Dartesas had been watching his friend’s face. Only thirty winters had passed their leader by, but the weariness of years of fruitless struggle tugged the corners of his mouth down into thirty-five, and despair wrinkled his forehead into forty, and experience and sorrow made his eyes seem anciently wise. But when he had an idea that represented some hope – or even an idea that could be twisted and forced into some shape they could use – his face would soften and his eyes grow bright, and then he seemed the clever little boy and the ambitious young elf Dartesas had known.
“Saw it – where?”
“Flew right over my head, almost. Just a little to the north. And flew out across the lake over to the hills on the other side.”
Lar let out his breath as if he had been punched in the belly. “Not where we left her?” he croaked.
“I don’t know. It was too dark.”
Lar put his hand over his eyes. “O Sacred Mother…”
“What do you think it means?” Llen asked.
“I certainly hope that dragon wasn’t some friend of hers,” Imin chuckled.
“Do you think it has something to do with the elf Dre?” Dartesas asked.

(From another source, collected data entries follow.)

lemma layer_term_le:
  assumes p: "1 \<le> p" "p < b"
  shows "(if K \<le> k then exp ((real k + 1) * p) - exp (real k * p) else 0) * prob (abs_ge_set M \<zeta> (exp k))
           \<le> 2 * exp b * (2 * \<gamma> / (b - p)) powr \<gamma> * exp (- (b - p) / 2) ^ k"
proof (cases "K \<le> k")
  case False
  then show ?thesis by simp
next
  case True
  define s where "s = b - p"
  have s: "s > 0" using p unfolding s_def by simp
  have k: "real k > 0" using True K_pos by simp
  have "exp ((real k + 1) * p) = exp p * exp (real k * p)" by (simp add: exp_add[symmetric] algebra_simps)
  moreover have "exp (real k * p) \<le> exp p * exp (real k * p)" using p by simp
  moreover have "0 < exp (real k * p)" by simp
  moreover have "exp p * exp (real k * p) \<le> exp b * exp (real k * p)" using p by (intro mult_right_mono) auto
  ultimately have increment: "0 \<le> exp ((real k + 1) * p) - exp (real k * p)"
      "exp ((real k + 1) * p) - exp (real k * p) \<le> exp b * exp (real k * p)"
    by linarith+
  have "(exp ((real k + 1) * p) - exp (real k * p)) * prob (abs_ge_set M \<zeta> (exp k))
      \<le> exp b * exp (real k * p) * (2 * (exp (- b * k) * k powr \<gamma>))"
    using increment layer_prob_le[OF True] by (intro mult_mono) auto
  also have "\<dots> = 2 * exp b * (k powr \<gamma> * exp (- (s / 2) * k)) * exp (- (s / 2) * k)"
    unfolding s_def by (simp add: mult_exp_exp algebra_simps)
  also have "\<dots> \<le> 2 * exp b * (2 * \<gamma> / s) powr \<gamma> * exp (- (s / 2) * k)"
    using powr_mult_exp_le[OF k _ \<gamma>_pos, of "s / 2"] s by (intro mult_right_mono mult_left_mono) (auto simp: mult.commute)
  also have "exp (- (s / 2) * k) = exp (- s / 2) ^ k"
    by (simp add: exp_of_nat_mult[symmetric] mult.commute)
  finally show ?thesis using True unfolding s_def by simp
qed

lemma layer_suminf_le:
  assumes p: "1 \<le> p" "p < b"
  shows "(\<Sum>k. ennreal ((if K \<le> k then exp ((real k + 1) * p) - exp (real k * p) else 0)
                          * prob (abs_ge_set M \<zeta> (exp k))))
           \<le> ennreal (4 * exp b * (1 + b) * (2 * \<gamma>) powr \<gamma> * (b - p) powr (- (\<gamma> + 1)))"
proof -
  define s where "s = b - p"
  define q where "q = exp (- s / 2)"
  define D where "D = 2 * exp b * (2 * \<gamma> / s) powr \<gamma>"
  have s: "0 < s" "s \<le> b - 1" using p unfolding s_def by auto
  have q: "0 < q" "q < 1" unfolding q_def using s by auto
  have D: "D \<ge> 0" unfolding D_def by simp
  have "(\<Sum>k. ennreal ((if K \<le> k then exp ((real k + 1) * p) - exp (real k * p) else 0)
                        * prob (abs_ge_set M \<zeta> (exp k))))
      \<le> (\<Sum>k. ennreal (D * q ^ k))"
    using layer_term_le[OF p] unfolding D_def q_def s_def by (intro suminf_le ennreal_leI) auto
  also have "\<dots> = ennreal (D / (1 - q))"
    using D q by (simp add: suminf_ennreal2 summable_geometric suminf_mult suminf_geometric
                            summable_mult divide_inverse)
  also have "\<dots> \<le> ennreal (4 * exp b * (1 + b) * (2 * \<gamma>) powr \<gamma> * s powr (- (\<gamma> + 1)))"
  proof (rule ennreal_leI)
    have "1 / (1 - q) \<le> (1 + s / 2) / (s / 2)"
      using one_minus_exp_minus_ge[of "s / 2"] s q unfolding q_def by (simp add: field_simps)
    also have "\<dots> \<le> 2 * (1 + b) / s" using s by (simp add: field_simps)
    finally have "D / (1 - q) \<le> D * (2 * (1 + b) / s)"
      using D by (metis mult_left_mono times_divide_eq_right mult_1_right)
    also have "(2 * \<gamma> / s) powr \<gamma> = (2 * \<gamma>) powr \<gamma> * s powr (- \<gamma>)"
      by (subst powr_divide) (use s \<gamma>_pos in \<open>auto simp: powr_minus divide_inverse\<close>)
    then have "D * (2 * (1 + b) / s) = 4 * exp b * (1 + b) * (2 * \<gamma>) powr \<gamma> * (s powr (- \<gamma>) * s powr (- 1))"
      unfolding D_def using s by (simp add: powr_minus_divide)
    also have "s powr (- \<gamma>) * s powr (- 1) = s powr (- (\<gamma> + 1))"
      by (subst powr_add[symmetric]) (simp add: algebra_simps)
    finally show "D / (1 - q) \<le> 4 * exp b * (1 + b) * (2 * \<gamma>) powr \<gamma> * s powr (- (\<gamma> + 1))" .
  qed
  finally show ?thesis unfolding s_def .
qed

lemma moment_upper_bound:
  assumes p: "1 \<le> p" "p < b"
  shows "(\<integral>\<^sup>+ \<omega>. ennreal (\<bar>\<zeta> \<omega>\<bar> powr p) \<partial>M)
           \<le> ennreal ((exp (real K * b) * (b - 1) powr (\<gamma> + 1) + 4 * exp b * (1 + b) * (2 * \<gamma>) powr \<gamma>)
                      * (b - p) powr (- (\<gamma> + 1)))"
proof -
  define t where "t = (b - p) powr (- (\<gamma> + 1))"
  define B where "B = 4 * exp b * (1 + b) * (2 * \<gamma>) powr \<gamma>"
  have B: "0 \<le> B * t" unfolding B_def t_def using b_gt_1 by simp
  have "(b - p) powr (\<gamma> + 1) \<le> (b - 1) powr (\<gamma> + 1)" using p \<gamma>_pos by (intro powr_mono2) auto
  then have "1 \<le> (b - 1) powr (\<gamma> + 1) / (b - p) powr (\<gamma> + 1)" using p by (simp add: le_divide_eq)
  then have ratio: "1 \<le> (b - 1) powr (\<gamma> + 1) * t" unfolding t_def by (simp only: powr_minus divide_inverse)
  have "exp (real K * p) \<le> exp (real K * b)" using p by (simp add: mult_left_mono)
  also have "\<dots> \<le> exp (real K * b) * ((b - 1) powr (\<gamma> + 1) * t)" using ratio by simp
  finally have exp_Kp: "exp (real K * p) + B * t \<le> (exp (real K * b) * (b - 1) powr (\<gamma> + 1) + B) * t"
    by (simp add: distrib_right mult.assoc)
  have "(\<integral>\<^sup>+ \<omega>. ennreal (\<bar>\<zeta> \<omega>\<bar> powr p) \<partial>M)
      \<le> ennreal (exp (real K * p)) + (\<Sum>k. ennreal ((if K \<le> k then exp ((real k + 1) * p) - exp (real k * p) else 0)
                                                   * prob (abs_ge_set M \<zeta> (exp k))))"
    using p by (intro nn_integral_powr_le_layer_suminf measurable_\<zeta>) simp
  also have "\<dots> \<le> ennreal (exp (real K * p)) + ennreal (B * t)"
    using layer_suminf_le[OF p] unfolding B_def t_def by (rule add_left_mono)
  also have "\<dots> = ennreal (exp (real K * p) + B * t)" using B by (intro ennreal_plus[symmetric]) auto
  also have "\<dots> \<le> ennreal ((exp (real K * b) * (b - 1) powr (\<gamma> + 1) + B) * t)"
    using exp_Kp by (rule ennreal_leI)
  finally show ?thesis unfolding B_def t_def .
qed

lemma moment_comparable:
  obtains c C where "0 < c" "c \<le> 1" "1 \<le> C"
    and "\<And>p. 1 \<le> p \<Longrightarrow> p < b \<Longrightarrow>
           ennreal (c * (b - p) powr (- (\<gamma> + 1))) \<le> (\<integral>\<^sup>+ \<omega>. ennreal (\<bar>\<zeta> \<omega>\<bar> powr p) \<partial>M)"
    and "\<And>p. 1 \<le> p \<Longrightarrow> p < b \<Longrightarrow>
           (\<integral>\<^sup>+ \<omega>. ennreal (\<bar>\<zeta> \<omega>\<bar> powr p) \<partial>M) \<le> ennreal (C * (b - p) powr (- (\<gamma> + 1)))"
proof
  define c where "c = (1 - exp (-1)) * exp (- 2 * real K * b)"
  define C where "C = exp (real K * b) * (b - 1) powr (\<gamma> + 1) + 4 * exp b * (1 + b) * (2 * \<gamma>) powr \<gamma>"
  show "0 < min c 1" "min c 1 \<le> 1" "1 \<le> max C 1" unfolding c_def by auto
  fix p assume p: "1 \<le> p" "p < b"
  have "ennreal (min c 1 * (b - p) powr (- (\<gamma> + 1))) \<le> ennreal (c * (b - p) powr (- (\<gamma> + 1)))"
    by (intro ennreal_leI mult_right_mono) auto
  also have "\<dots> \<le> (\<integral>\<^sup>+ \<omega>. ennreal (\<bar>\<zeta> \<omega>\<bar> powr p) \<partial>M)"
    using moment_lower_bound[OF p] unfolding c_def .
  finally show "ennreal (min c 1 * (b - p) powr (- (\<gamma> + 1))) \<le> (\<integral>\<^sup>+ \<omega>. ennreal (\<bar>\<zeta> \<omega>\<bar> powr p) \<partial>M)" .
  have "(\<integral>\<^sup>+ \<omega>. ennreal (\<bar>\<zeta> \<omega>\<bar> powr p) \<partial>M) \<le> ennreal (C * (b - p) powr (- (\<gamma> + 1)))"
    using moment_upper_bound[OF p] unfolding C_def .
  also have "\<dots> \<le> ennreal (max C 1 * (b - p) powr (- (\<gamma> + 1)))"
    by (intro ennreal_leI mult_right_mono) auto
  finally show "(\<integral>\<^sup>+ \<omega>. ennreal (\<bar>\<zeta> \<omega>\<bar> powr p) \<partial>M) \<le> ennreal (max C 1 * (b - p) powr (- (\<gamma> + 1)))" .
qed

lemma lp_norm_comparable:
  "\<exists>c1 c2. 0 < c1 \<and> 0 < c2 \<and>
     (\<forall>p\<in>{1..<b}. ennreal (c1 * (b - p) powr (- (\<gamma> + 1) / b)) \<le> lp_norm M p \<zeta> \<and>
                   lp_norm M p \<zeta> \<le> ennreal (c2 * (b - p) powr (- (\<gamma> + 1) / b)))"
proof -
  define G where "G = \<gamma> + 1"
  define E where "E = exp (G * (1 + b * b))"
  have G: "G > 0" unfolding G_def using \<gamma>_pos by simp
  obtain c C where c: "0 < c" "c \<le> 1" and C: "1 \<le> C"
    and lower: "\<And>p. 1 \<le> p \<Longrightarrow> p < b \<Longrightarrow> ennreal (c * (b - p) powr (- G)) \<le> (\<integral>\<^sup>+ \<omega>. ennreal (\<bar>\<zeta> \<omega>\<bar> powr p) \<partial>M)"
    and upper: "\<And>p. 1 \<le> p \<Longrightarrow> p < b \<Longrightarrow> (\<integral>\<^sup>+ \<omega>. ennreal (\<bar>\<zeta> \<omega>\<bar> powr p) \<partial>M) \<le> ennreal (C * (b - p) powr (- G))"
    using moment_comparable unfolding G_def by metis
  have "ennreal (c / E * (b - p) powr (- G / b)) \<le> lp_norm M p \<zeta>
      \<and> lp_norm M p \<zeta> \<le> ennreal (C * E * (b - p) powr (- G / b))"
    if "p \<in> {1..<b}" for p
  proof -
    have p: "1 \<le> p" "p < b" using that by auto
    have root: "((b - p) powr (- G)) powr (1 / p) = (b - p) powr (- G / p)" by (simp add: powr_powr)
    note lp = lp_norm_bounds_of_moment_bounds[OF p(1) c C powr_ge_zero lower[OF p] upper[OF p], unfolded root]
    have "ennreal (c / E * (b - p) powr (- G / b)) \<le> ennreal (c * (b - p) powr (- G / p))"
      using powr_exponent_change_bounds(1)[OF b_gt_1 p G] c
      by (intro ennreal_leI) (simp add: E_def exp_minus divide_inverse mult.assoc mult_left_mono)
    also note lp(1)
    finally have ge: "ennreal (c / E * (b - p) powr (- G / b)) \<le> lp_norm M p \<zeta>" .
    have "ennreal (C * (b - p) powr (- G / p)) \<le> ennreal (C * E * (b - p) powr (- G / b))"
      using powr_exponent_change_bounds(2)[OF b_gt_1 p G] C
      by (intro ennreal_leI) (simp add: E_def mult.assoc mult_left_mono)
    with lp(2) have "lp_norm M p \<zeta> \<le> ennreal (C * E * (b - p) powr (- G / b))"
      by (rule order_trans)
    with ge show ?thesis ..
  qed
  moreover have "0 < c / E" "0 < C * E" using c C unfolding E_def by auto
  ultimately show ?thesis unfolding G_def by blast
qed

end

They all waited for their leader to say something. After a while he dropped his hand and said, “I think not. Three winters passed between the last sighting of the dragon and the arrival of the elf Dre.”
“So do you think it has something to do with… what we did?” Dartesas murmured.
“Why?” Imin smiled. “We’ve done it before.”
“But that girl was a Scot girl,” Lar said.
“And?”
“And… I don’t know. But the elf Dre wants a half-elf child from the Scot girl and the Scot man.”
“What about the woman Ragnhild? She wasn’t a Scot woman.”
“No…” Lar murmured. “But her child’s father was a man. I suppose that was different.”
“So…?”
“I don’t know,” Lar sighed, and he was his weary, sorrowful, despairing self again. “I need to think. All of you, go home to your wives.”
“My wife won’t be thanking you for that!” Imin laughed.
“Be kind to her, please.” Lar’s body swayed with weariness.
“How do you want me to do that? You should have seen the fit she threw when she saw me come in with blood all down the front of me. Why do you think I went out again?”
“Should have told her we took a deer,” Llen said.
“On the night-dark-moon? Anyway, then she’d be clamoring for the meat.”
Llen nodded. “True…”
“I wonder what Scot girl meat tastes like?” Imin giggled. “If I didn’t tell her…”
“Get out before I puke all down the front of you,” Lar growled.
“Fancy explaining that to my wife!”
“Out.”
Lar could, with a single, softly-spoken word, command both respect and obedience. Dartesas hoped the elf Dre would recognize the worth of such an elf. They had been leaderless before him, and they would be leaderless after him. Or worse – with the elf Dre as leader over them, returning them to the very life of degradation and cowering submission they were trying to escape.